> [Problem requirements] Whenever the word "derivatives" turns up in a line below, that line should be copied.

> [Input data]

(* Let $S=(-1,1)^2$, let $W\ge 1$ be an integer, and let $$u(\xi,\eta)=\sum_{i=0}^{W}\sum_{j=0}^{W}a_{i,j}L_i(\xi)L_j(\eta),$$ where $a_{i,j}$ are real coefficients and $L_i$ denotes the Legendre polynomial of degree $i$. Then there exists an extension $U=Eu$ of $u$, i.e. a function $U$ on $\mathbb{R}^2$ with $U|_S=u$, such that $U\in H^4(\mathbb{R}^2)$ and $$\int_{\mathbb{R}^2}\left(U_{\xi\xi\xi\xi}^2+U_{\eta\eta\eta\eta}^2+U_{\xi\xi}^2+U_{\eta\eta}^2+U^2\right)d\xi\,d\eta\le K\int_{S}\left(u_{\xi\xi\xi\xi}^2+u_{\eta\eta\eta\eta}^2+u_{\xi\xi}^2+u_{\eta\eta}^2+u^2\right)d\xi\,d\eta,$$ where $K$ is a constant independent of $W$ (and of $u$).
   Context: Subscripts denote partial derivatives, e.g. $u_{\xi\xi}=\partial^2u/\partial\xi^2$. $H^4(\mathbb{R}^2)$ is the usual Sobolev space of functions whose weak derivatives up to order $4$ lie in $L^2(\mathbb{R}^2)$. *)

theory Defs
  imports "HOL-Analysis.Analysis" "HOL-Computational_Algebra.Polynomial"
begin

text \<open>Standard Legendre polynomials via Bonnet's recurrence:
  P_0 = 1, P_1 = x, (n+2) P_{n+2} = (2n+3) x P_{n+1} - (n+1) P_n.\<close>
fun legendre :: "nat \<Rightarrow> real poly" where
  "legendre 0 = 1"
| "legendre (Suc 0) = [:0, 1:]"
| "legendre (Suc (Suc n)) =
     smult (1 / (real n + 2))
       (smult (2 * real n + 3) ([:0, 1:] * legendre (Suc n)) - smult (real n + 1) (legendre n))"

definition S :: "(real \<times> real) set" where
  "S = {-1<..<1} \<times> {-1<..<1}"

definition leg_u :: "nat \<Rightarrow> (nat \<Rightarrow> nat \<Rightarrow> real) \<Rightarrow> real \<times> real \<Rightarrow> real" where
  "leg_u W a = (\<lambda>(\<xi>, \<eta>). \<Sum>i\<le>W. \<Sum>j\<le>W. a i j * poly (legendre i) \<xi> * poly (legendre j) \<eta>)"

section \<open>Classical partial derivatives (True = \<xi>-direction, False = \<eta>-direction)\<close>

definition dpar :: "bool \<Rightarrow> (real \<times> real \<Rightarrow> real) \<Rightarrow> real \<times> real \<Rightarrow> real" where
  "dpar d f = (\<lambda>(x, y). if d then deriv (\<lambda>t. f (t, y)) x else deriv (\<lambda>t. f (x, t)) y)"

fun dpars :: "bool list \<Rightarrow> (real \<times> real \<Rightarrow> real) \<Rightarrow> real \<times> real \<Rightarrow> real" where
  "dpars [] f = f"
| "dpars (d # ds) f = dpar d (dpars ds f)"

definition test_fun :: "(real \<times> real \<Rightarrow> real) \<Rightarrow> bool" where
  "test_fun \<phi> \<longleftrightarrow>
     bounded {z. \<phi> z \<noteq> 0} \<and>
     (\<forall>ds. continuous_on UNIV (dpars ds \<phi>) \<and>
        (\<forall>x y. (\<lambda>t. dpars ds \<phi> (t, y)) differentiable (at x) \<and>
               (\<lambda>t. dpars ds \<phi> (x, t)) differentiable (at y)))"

> [Output]
   Context: Subscripts denote partial derivatives, e.g. $u_{\xi\xi}=\partial^2u/\partial\xi^2$. $H^4(\mathbb{R}^2)$ is the usual Sobolev space of functions whose weak derivatives up to order $4$ lie in $L^2(\mathbb{R}^2)$. *)
section \<open>Classical partial derivatives (True = \<xi>-direction, False = \<eta>-direction)\<close>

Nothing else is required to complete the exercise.